Casta quanto ci costi??

Indignazione Day a Campobasso: i cittadini indignati assediano il Consiglio Regionale.

Lo scorso luglio il Consiglio Regionale del Molise, ultimo in Italia, ha recepito, in una lunga seduta terminata a tarda notte, il D.L 174/12 in materia di riduzione dei costi della politica. Ne è scaturita una nuova legge regionale che, a conti fatti, anziché ridurre le indennità ed i rimborsi per consiglieri, assessori e presidenti di giunta e consiglio, così come tutti si aspettavano ed auspicavano, riesce persino ad aumentarli, in alcuni casi di circa 1000 euro al mese.

Uniche voci fuori dal coro, neanche a dirlo, i consiglieri regionali del Movimento 5 Stelle, Federico e Manzo, che hanno dato dura battaglia nell’ambito della discussione in aula, presentando ben 17 emendamenti finalizzati ad eliminare o ridurre in maniera più incisiva, alcuni dei privilegi di cui godono i loro colleghi. Tra questi, si è chiesto di limitare a poche cariche l’indennità di funzione (dai 750 ai 3000 euro), altrimenti corrisposta, a vario titolo, alla quasi totalità dei consiglieri; di limitare a 250 euro giornaliere il tetto massimo di rimborso per i consiglieri “in missione”; di eliminare l’adeguamento progressivo agli indici ISTAT dei già corposi stipendi dei consiglieri; di ridurre al minimo l’indennità per un consigliere sospeso dalle funzioni; di abrogare il contestatissimo art. 7 della legge regionale che assegna ad ogni consigliere 2450 euro mensili per consulenza/assistenza (portaborse), il più delle volte intascati direttamente dai consiglieri poiché senza alcun obbligo di rendicontazione.

Tutti gli emendamenti presentati, sono stati sistematicamente respinti dal monoblocco centro/destra/sinistra, uniti in un diabolico patto di mutuo soccorso, al fine di salvaguardare ogni beneficio possibile.

Allo scellerato comportamento del consiglio è seguita una ondata di indignazione popolare che ha spinto gli attivisti del Movimento ad indire un INDIGNAZIONE DAY, lo scorso 6 agosto, davanti ai cancelli del consiglio. Centinaia i cittadini intervenuti, nonostante i 40 gradi, la giornata lavorativa ed il periodo vacanziero, per manifestare la contrarietà alle decisioni del consiglio ed il pieno appoggio al coraggioso lavoro dei consiglieri pentastellati. Un vero assedio al “palazzo” che ha costretto gran parte dei consiglieri ed assessori in ingresso nella sede consiliare, ad attraversare due ali di folla a dir poco “indignata”. Tra questi, solo un paio hanno affrontato i cittadini, tentando maldestramente di giustificare, con delle performances di politichese spinto ed arrampicate sugli specchi, il loro cedolino stipendiale che supera i 10 mila euro mensili.

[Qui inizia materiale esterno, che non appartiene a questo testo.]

(* Let $\mathsf{X}\subset\mathbb{R}^p$, $\mathsf{Y}\subset\mathbb{R}^q$, let $\tilde s(x\mid\gamma)$ and $\tilde h(\gamma\mid x)$ be conditional pdfs on $\mathsf{X}$ and $\mathsf{Y}$ respectively, and let $\{\Psi_m\}$ be the Markov chain on $\mathsf{X}$ with transition density $k(x,x')=\int_{\mathsf{Y}}\tilde s(x'\mid\gamma)\tilde h(\gamma\mid x)d\gamma$ (transition function $K$, invariant probability $\Pi$) and $\{\tilde\Psi_m\}$ the Markov chain on $\mathsf{Y}$ with transition density $\tilde k(\gamma,\gamma')=\int_{\mathsf{X}}\tilde h(\gamma'\mid x)\tilde s(x\mid\gamma)dx$ (transition function $\tilde K$, invariant probability $\tilde\Pi$), both Harris ergodic. Suppose there is $R:\mathsf{Y}\times\mathbb{Z}_+\to(0,\infty)$ such that for every initial distribution $\tilde\nu$ of $\tilde\Psi_0$ and all $m\ge0$, $\|\tilde\nu\tilde K^m-\tilde\Pi\|_{TV}\le\mathbb{E}_{\tilde\nu}R(\tilde\Psi_0,m)$. Then for every initial distribution $\nu$ of $\Psi_0$ and all $m\ge1$, $\|\nu K^m-\Pi\|_{TV}\le\mathbb{E}_\nu\Big(\int_{\mathsf{Y}}R(\gamma,m-1)\tilde h(\gamma\mid\Psi_0)d\gamma\Big)$.
   Context: $\nu K^m(\cdot)=\int K^m(x,\cdot)\nu(dx)$; $\|\cdot\|_{TV}$ is the total variation norm, taken as the $L^1$ distance between densities (the same convention on both sides). *)

theory Defs
  imports "HOL-Probability.Probability"
begin

text \<open>Total variation distance between two probability measures, normalised as the
  L1 distance between densities, i.e. twice the supremum over measurable sets.\<close>
definition tv :: "'a measure \<Rightarrow> 'a measure \<Rightarrow> real" where
  "tv \<mu> \<nu> = 2 * (SUP A \<in> sets \<mu>. \<bar>measure \<mu> A - measure \<nu> A\<bar>)"

definition kstep :: "'a::euclidean_space set \<Rightarrow> ('a \<Rightarrow> 'a \<Rightarrow> ennreal) \<Rightarrow> 'a measure \<Rightarrow> 'a measure" where
  "kstep S \<kappa> \<mu> = density lborel (\<lambda>x'. indicator S x' * (\<integral>\<^sup>+ x. \<kappa> x x' \<partial>\<mu>))"

definition kiter :: "'a::euclidean_space set \<Rightarrow> ('a \<Rightarrow> 'a \<Rightarrow> ennreal) \<Rightarrow> nat \<Rightarrow> 'a measure \<Rightarrow> 'a measure" where
  "kiter S \<kappa> m \<mu> = (kstep S \<kappa> ^^ m) \<mu>"

text \<open>Harris ergodicity with invariant probability PiX, in its standard equivalent form
  (Meyn--Tweedie Thm 13.0.1): PiX is an invariant probability on S and
  \<delta>_x K^n \<rightarrow> PiX in total variation for every starting point x in S.\<close>
definition harris_ergodic :: "'a::euclidean_space set \<Rightarrow> ('a \<Rightarrow> 'a \<Rightarrow> ennreal) \<Rightarrow> 'a measure \<Rightarrow> bool" where
  "harris_ergodic S \<kappa> PiX \<longleftrightarrow>
     prob_space PiX \<and> sets PiX = sets borel \<and> measure PiX S = 1 \<and>
     kstep S \<kappa> PiX = PiX \<and>
     (\<forall>x\<in>S. (\<lambda>n. tv (kiter S \<kappa> n (return borel x)) PiX) \<longlonglongrightarrow> 0)"

text \<open>s \<gamma> x = s~(x | \<gamma>),  h x \<gamma> = h~(\<gamma> | x).\<close>
definition kX :: "'b::euclidean_space set \<Rightarrow> ('b \<Rightarrow> 'a \<Rightarrow> real) \<Rightarrow> ('a \<Rightarrow> 'b \<Rightarrow> real) \<Rightarrow> 'a \<Rightarrow> 'a \<Rightarrow> ennreal" where
  "kX Y s h x x' = (\<integral>\<^sup>+ \<gamma>. indicator Y \<gamma> * ennreal (s \<gamma> x' * h x \<gamma>) \<partial>lborel)"

definition kY :: "'a::euclidean_space set \<Rightarrow> ('b \<Rightarrow> 'a \<Rightarrow> real) \<Rightarrow> ('a \<Rightarrow> 'b \<Rightarrow> real) \<Rightarrow> 'b \<Rightarrow> 'b \<Rightarrow> ennreal" where
  "kY X s h \<gamma> \<gamma>' = (\<integral>\<^sup>+ x. indicator X x * ennreal (h x \<gamma>' * s \<gamma> x) \<partial>lborel)"

end

theory Submission
  imports Defs
begin

(* Both chains are assembled from the two conditional steps
     H nu = int h(. | x) nu(dx)   and   S mu = int s(. | gamma) mu(dgamma),
   namely K = S o H and K~ = H o S, so that nu K^m = S ((H nu) K~^(m-1)).  The measure S Pi~ is
   K-invariant, hence equal to Pi because a Harris ergodic chain has only one invariant
   probability, and Pi~ = H (S Pi~).  A Markov kernel does not increase total variation
   (for measures with Lebesgue densities this is the Hahn set {g1 > g2} argument), so
     ||nu K^m - Pi|| <= ||(H nu) K~^(m-1) - Pi~||,
   and the hypothesis on the conjugate chain started from H nu bounds the right-hand side by
   E_{H nu} R(., m-1), which by Tonelli is the claimed expectation under nu. *)

section \<open>Kernels with Lebesgue densities\<close>

definition prob_on :: "'a::topological_space set \<Rightarrow> 'a measure \<Rightarrow> bool" where
  "prob_on S \<mu> \<longleftrightarrow> prob_space \<mu> \<and> sets \<mu> = sets borel \<and> measure \<mu> S = 1"

lemma prob_on_AE_in:
  assumes "prob_on S \<mu>" and "S \<in> sets borel"
  shows "AE x in \<mu>. x \<in> S"
  using assms prob_space.AE_in_set_eq_1[of \<mu> S] by (simp add: prob_on_def)

lemma prob_on_return: "x \<in> S \<Longrightarrow> S \<in> sets borel \<Longrightarrow> prob_on S (return borel x)"
  by (simp add: prob_on_def prob_space_return measure_def emeasure_return)

lemma sets_prob_on: "prob_on S \<mu> \<Longrightarrow> sets \<mu> = sets borel"
  by (simp add: prob_on_def)

lemma prob_on_sigma_finite: "prob_on S \<mu> \<Longrightarrow> sigma_finite_measure \<mu>"
  by (simp add: prob_on_def prob_space_imp_sigma_finite)

definition kapply :: "'b::euclidean_space set \<Rightarrow> ('a \<Rightarrow> 'b \<Rightarrow> ennreal) \<Rightarrow> 'a measure \<Rightarrow> 'b measure" where
  "kapply T \<kappa> \<mu> = density lborel (\<lambda>y. indicator T y * (\<integral>\<^sup>+ x. \<kappa> x y \<partial>\<mu>))"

La pressione dei manifestanti ha indotto successivamente il presidente del consiglio a sospendere la seduta in corso e convocare una delegazione di attivisti del movimento per far loro illustrare, dapprima al consiglio riunito, successivamente in forma riservata ai presidenti di giunta e consiglio i motivi della contestazione.

Assolutamente inutile raccontare i contenuti dell’incontro, quando dall’altra parte del tavolo ci sono le massime cariche regionali che ammettono che la riduzione delle indennità comporterebbe l’obbligo dell’adeguamento di tutte le regioni alla più “virtuosa”, smascherando palesemente gli ordini di scuderia dei partiti di non far scendere al di sotto di determinati livelli di retribuzione i compensi per gli eletti nei consigli regionali. Inutile tentare di ragionare con chi rivendica, oltre la legittimità, anche l’equità della propria busta paga di oltre 12 mila euro mensili. Inutile confrontarsi con chi ha la sfacciataggine di confessare che per mantenere consensi e preferenze sull’intero territorio regionale ci vogliono risorse adeguate, impegno e lavoro, dove per lavoro s’intende anche presenziare alle tante sagre e feste paesane, nonché cerimonie di battesimi e matrimoni, con tutte le relative spese connesse.

E non è uno scherzo, vale la pena fare una riflessione su questo argomento che spesso torna gli onori della cronaca.

Pare, infatti, che in Molise la partecipazione ai matrimoni sia uno dei principali strumenti di proselitismo politico; un consigliere semplice può essere invitato fino a 40 matrimoni all’anno, mentre per assessori e presidenti si può arrivare anche a 50 o 60. Da qui l’aumento delle relative spese a carico del politico di turno che però ne guadagna in termini di consensi elettorali, soprattutto se le famiglie interessate sono numerose. E’ un particolare tipo di economia che resiste soprattutto in Molise e che, evidentemente, funziona ancora. Speriamo per poco.

Farà piacere ai molisani sapere che l’aumento dell’irpef, del bollo auto, ecc… servirà anche a finanziare l’abito del consigliere, dell’assessore o del presidente, oppure il ricco regalo agli sposi da parte del compare o del padrino. W gli sposi!!

6 pensieri riguardo “Casta quanto ci costi??”

  1. E’ UN MONDO DI PAPPONI E PRO PAPPONI; E’ UN MONDO DI EGOISTI, PECORONI E COCCODRILLI!

  2. da cittadino indignato perenne..nonchè da iscritto al movimento da lunga data..devo dire che il movimento qui in molise..e chi per esso esercita il mandato consiliare alla regione..non è che abbia brillato per la grande opposizione che ha esercitato ad oggi…a parte emendamenti….e poi sorrisetti compiacenti chi chi guida la regione!!!!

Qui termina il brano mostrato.